Pass It On! Checkoff Support Critical to Beef Industry
The Beef Industry Long Range Plan (LRP) is developed every three to five years and lays out aggressive goals to strengthen the beef industry. As part of this initiative, the Beef Checkoff interviewed cattlemen and women across the country to hear the checkoff is helping them for long-term success on their operations.
AL Bar Ranch of San Antonio, Florida
Bill Barthle, third-generation rancher in San Antonio, Fla., says the Beef Checkoff helps explain to consumers how U.S. beef is produced. He feels increasing consumer knowledge and the demand for beef, along with working to increase producer support of the checkoff will all play a crucial role in passing the beef operation onto future generations.
“One of my main concerns with the Beef Checkoff now is the value of the dollar of the Beef Checkoff. The Beef Checkoff was established in 1985, and the Beef Checkoff dollar now is only worth 41 cents. We need more support because we have to educate the people what is going in the beef industry. We want to educate them about nutritional value of beef,” says Bill Barthle.
“We need the support of the Beef Checkoff to pass this onto the next generation.”
How does the Beef Checkoff Help?
The Beef Checkoff plays an important role growing and maintaining beef demand, thus opening new opportunities for cattle producers to sustain their businesses for generations to come. That includes keeping close tabs on what consumers want in terms of end products, as well as sharing information regarding safe and sustainable beef production carried out by cattle producers — ensuring that’s what they find at the meat case when they go to purchase food for their families.
It’s no small task, but checkoff investments are part of the reason that beef demand has remained strong throughout the extremely tight supplies of recent years.

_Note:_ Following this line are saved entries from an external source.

lemma integral_abs_power_diff_sq_le:
  fixes f g :: "'a \<Rightarrow> real" and r :: nat and p q :: real
  defines "s \<equiv> p * (2 * real r - 1)"
  assumes r: "1 \<le> r" and pq: "1 < p" "1 < q" "1/p + 1/q = 1"
    and [measurable]: "f \<in> borel_measurable M" "g \<in> borel_measurable M"
    and f_s: "integrable M (\<lambda>x. \<bar>f x\<bar> powr s)" and g_s: "integrable M (\<lambda>x. \<bar>g x\<bar> powr s)"
    and dist_q: "integrable M (\<lambda>x. \<bar>f x - g x\<bar> powr q)"
  shows "integrable M (\<lambda>x. (\<bar>f x\<bar> ^ r - \<bar>g x\<bar> ^ r)\<^sup>2)"
    and "(\<integral>x. (\<bar>f x\<bar> ^ r - \<bar>g x\<bar> ^ r)\<^sup>2 \<partial>M)
         \<le> r * (\<integral>x. \<bar>f x - g x\<bar> powr q \<partial>M) powr (1/q)
             * ((\<integral>x. \<bar>f x\<bar> powr s \<partial>M) + (\<integral>x. \<bar>g x\<bar> powr s \<partial>M)) powr (1/p)"
proof -
  define W where "W x = max \<bar>f x\<bar> \<bar>g x\<bar> powr (2 * real r - 1)" for x
  have [measurable]: "W \<in> borel_measurable M" unfolding W_def by measurable
  have W_p_le: "W x powr p \<le> \<bar>f x\<bar> powr s + \<bar>g x\<bar> powr s" for x
  proof -
    have "W x powr p = max \<bar>f x\<bar> \<bar>g x\<bar> powr s" unfolding W_def s_def by (simp add: powr_powr mult.commute)
    then show ?thesis by (simp add: max_def)
  qed
  have W_p: "integrable M (\<lambda>x. W x powr p)"
    by (rule Bochner_Integration.integrable_bound[of _ "\<lambda>x. \<bar>f x\<bar> powr s + \<bar>g x\<bar> powr s"])
       (use f_s g_s W_p_le in auto)
  have "(\<integral>x. W x powr p \<partial>M) \<le> (\<integral>x. \<bar>f x\<bar> powr s + \<bar>g x\<bar> powr s \<partial>M)"
    using W_p f_s g_s W_p_le by (intro integral_mono) auto
  then have W_p_le_int: "(\<integral>x. W x powr p \<partial>M) \<le> (\<integral>x. \<bar>f x\<bar> powr s \<partial>M) + (\<integral>x. \<bar>g x\<bar> powr s \<partial>M)"
    using f_s g_s by simp
  have qp: "1/q + 1/p = 1" using pq(3) by simp
  note Holder = Holder_inequality_nonneg[OF pq(2,1) qp _ _ _ _ dist_q W_p]
  have pointwise: "(\<bar>f x\<bar> ^ r - \<bar>g x\<bar> ^ r)\<^sup>2 \<le> r * (\<bar>f x - g x\<bar> * W x)" for x
    using abs_power_diff_squared_le[OF r, of "f x" "g x"] by (simp add: W_def mult.assoc)
  have rW_int: "integrable M (\<lambda>x. r * (\<bar>f x - g x\<bar> * W x))"
    using Holder(1) by (simp add: W_def)
  show diff_sq_int: "integrable M (\<lambda>x. (\<bar>f x\<bar> ^ r - \<bar>g x\<bar> ^ r)\<^sup>2)"
    by (rule Bochner_Integration.integrable_bound[OF rW_int])
       (use pointwise in \<open>auto intro!: AE_I2 order.trans[OF _ abs_ge_self]\<close>)
  have "(\<integral>x. (\<bar>f x\<bar> ^ r - \<bar>g x\<bar> ^ r)\<^sup>2 \<partial>M) \<le> r * (\<integral>x. \<bar>f x - g x\<bar> * W x \<partial>M)"
    using diff_sq_int rW_int pointwise by (subst integral_mult_right_zero[symmetric]) (rule integral_mono)
  also have "\<dots> \<le> r * ((\<integral>x. \<bar>f x - g x\<bar> powr q \<partial>M) powr (1/q) * (\<integral>x. W x powr p \<partial>M) powr (1/p))"
    by (intro mult_left_mono Holder(2)) (auto simp: W_def)
  also have "\<dots> \<le> r * ((\<integral>x. \<bar>f x - g x\<bar> powr q \<partial>M) powr (1/q)
      * ((\<integral>x. \<bar>f x\<bar> powr s \<partial>M) + (\<integral>x. \<bar>g x\<bar> powr s \<partial>M)) powr (1/p))"
    using W_p_le_int pq by (intro mult_left_mono powr_mono2) (auto simp: W_def)
  finally show "(\<integral>x. (\<bar>f x\<bar> ^ r - \<bar>g x\<bar> ^ r)\<^sup>2 \<partial>M)
      \<le> r * (\<integral>x. \<bar>f x - g x\<bar> powr q \<partial>M) powr (1/q)
          * ((\<integral>x. \<bar>f x\<bar> powr s \<partial>M) + (\<integral>x. \<bar>g x\<bar> powr s \<partial>M)) powr (1/p)"
    by (simp add: mult.assoc)
qed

In fact, a study by Dr. Harry Kaiser at Cornell University demonstrates that every checkoff dollar invested has a return on investment of $11.20. That means that every dollar invested by cattle producers returns $11.20 more to an operation than would have received without the checkoff in place.
The Beef Checkoff program was established as part of the 1985 Farm Bill. The checkoff assesses $1 per head on the sale of live domestic and imported cattle, in addition to a comparable assessment on imported beef and beef products. States may retain up to 50 cents on the dollar and forward the other 50 cents per head to the Cattlemen’s Beef Promotion and Research Board, which administers the national checkoff program, subject to USDA approval.